La chute du Shah et l’avènement de la République islamique : un moment charnière

L’établissement de cette République islamique aura été un moment charnière car « s’il n’y avait pas eu la victoire des Islamistes en Iran nous ne serions pas confrontés à l’islamisation que l’on voit aujourd’hui. » Pierre Cassen donnait des chiffres éloquants : « en 1985 il y avait 4 mosquées en France, il y en a plus de 2.000 aujourd’hui, sans que l’on contrôle ce qui y est enseigné ou est enseigné dans les écoles coraniques. »
Il ajoutait que « en quelques jours deux événements ont montré que ce rassemblement avait sa raison d’être. » Et citait un reportage de John Paul Lepers diffusé sur France 4 et dans lequel on voit un responsable de la mosquée de Roubaix se déclarer pour la lapidation et avertissant que « le jour où en France il y aura une majorité de musulmans il y aura la charia. » http://www.telleestmatele.com/article-video-qui-a-peur-de-l-islam-un-road-doc-de-john-paul-lepers-57331081.html
Le second événement a été la prestation d’un « fanatique islamiste qui en plein centre de Limoges qui lançait publiquement des appels au Jihad, accusait les Juifs du 11 septembre, nommait Christine Tasin [ présidente de Résistance républicaine qui a reçu des menaces de mort et contre qui une fatwa a été lancée ], appelait à brûler le Code civil » entre autres imprécations.
http://www.fdesouche.com/138595-limoges-des-%C2%AB-musulmans-revoltes-%C2%BB-de-sirat-alizza-manifestent-violemment
Pour Pierre Cassen, il est clair que nous sommes confrontés à « une stratégie de conquête. »
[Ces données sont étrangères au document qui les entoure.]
lemma pair_dual_map:
  assumes "lin_map f"
  shows "pair x (dual_map f a) = pair (f x) a"
proof -
  have "pair (f x) a = pair a (f x)" by (rule pair_commute)
  also have "\<dots> = (\<Sum>i\<in>UNIV. x i * pair a (f (basis_vec i)))"
    using assms by (rule pair_lin_map_expansion)
  also have "\<dots> = pair x (dual_map f a)"
    by (simp add: pair_def dual_map_def mult.commute)
  finally show ?thesis by simp
qed

lemma lin_map_dual_map: "lin_map (dual_map f)"
  unfolding lin_map_def dual_map_def by (simp add: pair_simps) (simp add: vadd_def smul_def)

lemma dual_map_dual_map:
  assumes "lin_map f"
  shows "dual_map (dual_map f) = f"
proof (intro ext)
  fix x i
  have "dual_map (dual_map f) x i = pair x (dual_map f (basis_vec i))"
    by (simp add: dual_map_def pair_commute)
  also have "\<dots> = f x i"
    using assms by (simp add: pair_dual_map pair_basis_vec_right)
  finally show "dual_map (dual_map f) x i = f x i" .
qed

lemma bilin_left: "bilin br \<Longrightarrow> lin_map (\<lambda>x. br x y)"
  by (simp add: bilin_def)

lemma bilin_right: "bilin br \<Longrightarrow> lin_map (br x)"
  by (simp add: bilin_def)

lemma hom_lie_bilin: "hom_lie br \<phi> \<Longrightarrow> bilin br"
  unfolding hom_lie_def by blast

lemma hom_lie_lin_map: "hom_lie br \<phi> \<Longrightarrow> lin_map \<phi>"
  unfolding hom_lie_def by blast

lemma hom_lie_skew: "hom_lie br \<phi> \<Longrightarrow> br x y = vneg (br y x)"
  unfolding hom_lie_def by blast

lemma hom_lie_multiplicative: "hom_lie br \<phi> \<Longrightarrow> \<phi> (br x y) = br (\<phi> x) (\<phi> y)"
  unfolding hom_lie_def by blast

lemma hom_lie_jacobi:
  "hom_lie br \<phi> \<Longrightarrow>
     vadd (vadd (br (\<phi> x) (br y z)) (br (\<phi> y) (br z x))) (br (\<phi> z) (br x y)) = (\<lambda>_. 0)"
  unfolding hom_lie_def by blast

lemma weakly_involutiveD: "weakly_involutive br \<phi> \<Longrightarrow> br (\<phi> (\<phi> x)) y = br x y"
  by (simp add: weakly_involutive_def)

lemma dual_map_bracket_eq_ad_circ: "dual_map (br (\<phi> x)) a = vneg (ad_circ br \<phi> x a)"
  by (simp add: ad_circ_def vneg_def dual_map_def)

lemma pair_ad_circ:
  assumes "bilin br"
  shows "pair y (ad_circ br \<phi> x a) = - pair (br (\<phi> x) y) a"
  using pair_dual_map[OF bilin_right[OF assms], of y "\<phi> x" a]
  by (simp add: dual_map_bracket_eq_ad_circ pair_vneg_right minus_equation_iff)

lemma pair_ad_circ_phi:
  "bilin br \<Longrightarrow> weakly_involutive br \<phi> \<Longrightarrow> pair y (ad_circ br \<phi> (\<phi> x) a) = - pair (br x y) a"
  by (simp add: pair_ad_circ weakly_involutiveD)

lemma pair_ad_circ_dual_map:
  assumes "hom_lie br \<phi>" and "weakly_involutive br \<phi>"
  shows "pair y (ad_circ br \<phi> x (dual_map \<phi> a)) = - pair (br x (\<phi> y)) a"
proof -
  have "pair y (ad_circ br \<phi> x (dual_map \<phi> a)) = - pair (\<phi> (br (\<phi> x) y)) a"
    using assms by (simp add: pair_ad_circ hom_lie_bilin pair_dual_map hom_lie_lin_map)
  also have "\<phi> (br (\<phi> x) y) = br x (\<phi> y)"
    using assms by (simp add: hom_lie_multiplicative weakly_involutiveD)
  finally show ?thesis .
qed

lemma ad_circ_dual_eq_ad_circ: "ad_circ_dual brd \<phi> = ad_circ brd (dual_map \<phi>)"
  unfolding ad_circ_dual_def ad_circ_def by (simp only: pair_commute[of _ "brd _ _"])

lemma ad_circ_bracket:
  assumes hl: "hom_lie br \<phi>" and wi: "weakly_involutive br \<phi>"
  shows "ad_circ br \<phi> (br x y) (dual_map \<phi> v)
    = vsub (ad_circ br \<phi> (\<phi> x) (ad_circ br \<phi> y v)) (ad_circ br \<phi> (\<phi> y) (ad_circ br \<phi> x v))"
    (is "?lhs = ?rhs")
proof (rule pair_right_eqI)
  fix z
  have b: "bilin br" using hl by (rule hom_lie_bilin)
  have jacobi: "pair (br (\<phi> x) (br y z)) v - pair (br (\<phi> y) (br x z)) v
      + pair (br (\<phi> z) (br x y)) v = 0"
    using arg_cong[OF hom_lie_jacobi[OF hl, of x y z], of "\<lambda>w. pair w v"]
    by (simp add: hom_lie_skew[OF hl, of z x] lin_map_vneg[OF bilin_right[OF b]] pair_simps)
  have "pair z ?lhs = - pair (br (br x y) (\<phi> z)) v"
    using hl wi by (rule pair_ad_circ_dual_map)
  also have "\<dots> = pair (br (\<phi> z) (br x y)) v"
    by (subst hom_lie_skew[OF hl]) (simp add: pair_simps)
  also have "\<dots> = pair (br (\<phi> y) (br x z)) v - pair (br (\<phi> x) (br y z)) v"
    using jacobi by (simp add: algebra_simps eq_neg_iff_add_eq_0)
  also have "\<dots> = pair z ?rhs"
    using b wi by (simp add: pair_ad_circ_phi pair_ad_circ pair_simps)
  finally show "pair z ?lhs = pair z ?rhs" .
qed
lemma short_ternary_strings_search:
  "\<forall>n \<in> {3,4,5}. \<forall>s \<in> set (List.n_lists n [0,1,2]).
     distinct_adj s \<and> last s = 2 \<and> 0 \<in> set s \<and> 1 \<in> set s \<and> s \<noteq> [0,2,1,2] \<longrightarrow>
     flips_search (n - 2) s [0,1,2]"
  by code_simp

lemma flips_search_sound: "flips_search m s t \<Longrightarrow> flips_within m s t"
proof (induction m arbitrary: s)
  case (Suc m)
  then show ?case
    by (auto intro: flips_within_flip)
qed simp

lemma short_ternary_flips_within:
  assumes "distinct_adj s" "set s = {0,1,2}" "last s = 2" "s \<noteq> [0,2,1,2]" "length s \<le> 5"
  shows "flips_within (length s - 2) s [0,1,2]"
proof -
  have "3 \<le> length s"
    using card_length[of s] assms(2) by simp
  then have "length s \<in> {3,4,5}"
    using assms(5) by auto
  moreover have "s \<in> set (List.n_lists (length s) [0,1,2])"
    using assms(2) by (simp add: set_n_lists)
  ultimately have "flips_search (length s - 2) s [0,1,2]"
    using short_ternary_strings_search assms by blast
  then show ?thesis
    by (rule flips_search_sound)
qed

lemma flip_merges_repeated_first_symbol:
  assumes "distinct_adj (a # r)" and "a \<in> set r"
  obtains i t where "1 \<le> i" "i \<le> length r" "flip i (a # r) = t" "distinct_adj t"
    "length t = length r" "set t = set (a # r)" "last t = last (a # r)"
proof -
  obtain xs ys where r: "r = xs @ a # ys"
    using assms(2) by (meson split_list)
  have flip: "flip (Suc (length xs)) (a # r) = rev xs @ a # ys"
    using flip_append_merge assms(1) by (simp add: r)
  show ?thesis
  proof (rule that[OF _ _ flip])
    show "distinct_adj (rev xs @ a # ys)"
      using distinct_adj_flip flip by metis
  qed (auto simp: r)
qed

lemma normalized_ternary_flips_within:
  assumes "distinct_adj s" "set s = {0,1,2}" "last s = 2" "s \<noteq> [0,2,1,2]"
  shows "flips_within (length s - 2) s [0,1,2]"
  using assms
proof (induction "length s" arbitrary: s rule: less_induct)
  case less
  show ?case
  proof (cases "length s \<le> 5")
    case True
    then show ?thesis
      using less.prems by (rule short_ternary_flips_within[rotated 4])
  next
    case False
    then obtain a r where s: "s = a # r"
      by (cases s) auto
    show ?thesis
    proof (cases "a \<in> set r")
      case True
      with less.prems(1) obtain i t where flip: "1 \<le> i" "i \<le> length r" "flip i s = t"
        and t: "distinct_adj t" "length t = length r" "set t = set s" "last t = last s"
        unfolding s by (rule flip_merges_repeated_first_symbol)
      have "flips_within (length t - 2) t [0,1,2]"
      proof (rule less.hyps)
        show "length t < length s" "t \<noteq> [0,2,1,2]"
          using t(2) False by (auto simp: s)
      qed (use t less.prems in simp_all)
      then have "flips_within (Suc (length t - 2)) s [0,1,2]"
        using flips_within_flip[OF flip(3)] flip(1,2) by (simp add: s)
      moreover have "Suc (length t - 2) = length s - 2"
        using t(2) False by (simp add: s)
      ultimately show ?thesis
        by simp
    next
      case False
      have "r \<noteq> []" "4 \<le> length r"
        using \<open>\<not> length s \<le> 5\<close> by (auto simp: s)
      then have "flips_within (length r - 1) (a # r) [0,1,2]"
        using unique_first_symbol_flips_within[of a r] less.prems(1-3) False by (simp add: s)
      then show ?thesis
        by (simp add: s)
    qed
  qed
qed

theorem lemma4p2:
  fixes s :: "nat list"
  assumes "normalized s"
    and "fully_kary 3 s"
    and "s \<noteq> []" and "last s = 2"
    and "s \<noteq> [0, 2, 1, 2]"
  shows "sortable 3 s \<and> sorting_distance 3 s \<le> length s - 2"
proof -
  have "[0..<3] = [0, 1, 2::nat]" "{0..<3} = {0, 1, 2::nat}"
    by (auto simp: upt_rec)
  then have "flips_within (length s - 2) s [0..<3]"
    using normalized_ternary_flips_within[of s] assms
    by (simp add: normalized_iff_distinct_adj fully_kary_def)
  then show ?thesis
    by (rule sortable_and_sorting_distance_le)
qed

end
lemma blk_less: "i < m * n \<Longrightarrow> blk i < m"
  using blk_image by auto

lemma blk_surj: "k < m \<Longrightarrow> \<exists>i < m * n. blk i = k"
  using blk_image by (metis atLeastLessThan_iff imageE zero_le)

lemma block_permutation_voltage: "permutation_voltage E m \<tau>"
proof -
  have edge: "\<tau> v w k < m \<and> \<tau> w v (\<tau> v w k) = k" if vw: "E v w" and "k < m" for v w k
  proof -
    obtain i where i: "i < m * n" "blk i = k" using blk_surj \<open>k < m\<close> by blast
    have "E w v" using vw base_graph by (simp add: graph_def)
    then show ?thesis
      using block_voltage[OF vw i(1)] block_voltage[OF \<open>E w v\<close> voltage_less[OF voltage vw i(1)]]
        voltage_inverse[OF voltage vw i(1)] voltage_less[OF voltage vw i(1)] blk_less i
      by simp
  qed
  have triangle: "\<tau> z x (\<tau> y z (\<tau> x y k)) = k"
    if xyz: "E x y" "E y z" "E z x" and "k < m" for x y z k
  proof -
    obtain i where i: "i < m * n" "blk i = k" using blk_surj \<open>k < m\<close> by blast
    have lt: "\<pi> x y i < m * n" "\<pi> y z (\<pi> x y i) < m * n"
      using voltage_less[OF voltage] xyz i(1) by blast+
    show ?thesis
      using block_voltage[OF xyz(1) i(1)] block_voltage[OF xyz(2) lt(1)]
        block_voltage[OF xyz(3) lt(2)] voltage_triangle[OF voltage xyz i(1)] i(2)
      by simp
  qed
  show ?thesis unfolding permutation_voltage_def using edge triangle by blast
qed

lemma quotient_r_cover: "r_cover V E V\<^sub>\<sigma> E\<^sub>\<sigma> fst m"
  using voltage_r_cover[OF block_permutation_voltage base_graph] m_gt_1 by simp

lemma proj_edge: "E\<^sub>\<rho> a b \<Longrightarrow> E\<^sub>\<sigma> (proj a) (proj b)"
  by (cases a; cases b) (auto simp: cover_graph_def blk_less block_voltage)
locale disjoint_blocks =
  fixes n :: nat and A B :: "nat \<Rightarrow> 'a set"
  assumes disjoint_A: "\<forall>i\<in>{1..2*n}. \<forall>j\<in>{1..2*n}. i \<noteq> j \<longrightarrow> A i \<inter> A j = {}"
    and disjoint_B: "\<forall>i\<in>{1..2*n}. \<forall>j\<in>{1..2*n}. i \<noteq> j \<longrightarrow> B i \<inter> B j = {}"
    and disjoint_A_B: "\<forall>i\<in>{1..2*n}. \<forall>j\<in>{1..2*n}. A i \<inter> B j = {}"
begin

lemma blockU_index_unique:
  "\<lbrakk>x \<in> blockU A B i; x \<in> blockU A B j; i \<in> {1..2*n}; j \<in> {1..2*n}\<rbrakk> \<Longrightarrow> i = j"
  using disjoint_A disjoint_B disjoint_A_B unfolding blockU_def by blast

lemma tr_subset: "tr n A B e \<subseteq> {1..2*n}"
  by (auto simp: tr_def)

lemma tr_memI: "\<lbrakk>x \<in> e; x \<in> blockU A B t; t \<in> {1..2*n}\<rbrakk> \<Longrightarrow> t \<in> tr n A B e"
  by (auto simp: tr_def)

lemma minS_le: "t \<in> tr n A B e \<Longrightarrow> minS n A B e \<le> t"
  unfolding minS_def using tr_subset by (meson Min_le finite_atLeastAtMost finite_subset)

lemma minS_in_tr:
  assumes "e \<subseteq> groundV n A B" "e \<noteq> {}"
  shows "minS n A B e \<in> tr n A B e"
proof -
  obtain x t where "x \<in> e" "t \<in> {1..2*n}" "x \<in> blockU A B t"
    using assms unfolding groundV_def by blast
  then have "tr n A B e \<noteq> {}" using tr_memI by blast
  then show ?thesis unfolding minS_def using tr_subset by (meson Min_in finite_atLeastAtMost finite_subset)
qed
lemma count_digit_word:
  "count_list (digit_word p n s) x = (if x \<in> {1..n} then digit p s (n - x) else 0)"
proof -
  have "count_list (digit_word p n s) x =
      sum_list (map (\<lambda>i. if i = x then digit p s (n - i) else 0) [1..<n+1])"
    unfolding digit_word_def count_list_concat by (simp add: comp_def count_list_replicate)
  also have "\<dots> = (\<Sum>i\<in>{1..n}. if i = x then digit p s (n - i) else 0)"
    by (simp add: sum_list_distinct_conv_sum_set atLeastLessThanSuc_atLeastAtMost)
  finally show ?thesis by simp
qed

lemma count_digit_word_led_by:
  "i \<in> {1..n} \<Longrightarrow> count_list (digit_word_led_by p n i s) x = count_list (digit_word p n s) x"
  unfolding digit_word_led_by_def by (simp add: count_list_replicate count_list_filter count_digit_word)

lemma prod_list_map_count_eq:
  fixes f :: "nat \<Rightarrow> 'a::monoid_mult"
  assumes comm: "\<forall>x y :: 'a. x * y = y * x" and count: "\<forall>x. count_list W x = count_list W' x"
  shows "prod_list (map f W) = prod_list (map f W')"
  using count
proof (induction W arbitrary: W')
  case Nil
  then have "W' = []"
    by (metis count_list_0_iff count_list.simps(1) list.set_intros(1) neq_Nil_conv)
  then show ?case by simp
next
  case (Cons a W)
  have "a \<in> set W'"
    using Cons.prems[rule_format, of a] count_list_0_iff by force
  then obtain A B where W': "W' = A @ a # B"
    by (meson split_list)
  have "\<forall>x. count_list W x = count_list (A @ B) x"
    using Cons.prems unfolding W' by (auto split: if_splits)
  then have "prod_list (map f W) = prod_list (map f A) * prod_list (map f B)"
    using Cons.IH[of "A @ B"] by simp
  moreover have "f a * prod_list (map f A) = prod_list (map f A) * f a"
    using comm by blast
  ultimately show ?case
    unfolding W' by (simp add: mult.assoc[symmetric])
qed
Éviter tout retour en arrière


Anne Zelenski, Présidente de la Ligue du Droit des Femmes, soulignait qu’elle avait été l’une des rares à dénoncer la menace islamiste dès 1989. Plus tard, elle s’était rendue en Iran pour y soutenir des féministes iraniennes. Aujourd’hui elle déplore que « des partis politiques comme le NPA, les Verts, le PCF ou même le PS tendent la main à ces fascistes verts » et enjoint à « lutter contre tout retour en arrière. »

Un retour à l’obscurantisme

Évoquant les menaces qu’elle a reçues, Christine Tasin soulignait pour sa part qu’elles étaient faites « au nom du Coran et de la Charia, » une « Charia dite immuable » et s’interrogeait : « les musulmans veulent-ils donc des lois spécifiques ? » Ceux qui le veulent prônent un « retour à l’obscurantisme….ont une haine de la liberté et du progrès » que ne peuvent accepter, dit-elle, « les héritiers de Voltaire…attachés à la liberté d’expression, à la République, à la démocratie. »
« Les vidéos épouvantables qu’ils lancent montrent qu’ils ont peur et que nous avons raison, » ajoutait-elle, dénonçant « un pouvoir tentaculaire et une prise de pouvoir sur le politique. » Son cri de ralliement aura été la lecture de l’Appel du 18 juin.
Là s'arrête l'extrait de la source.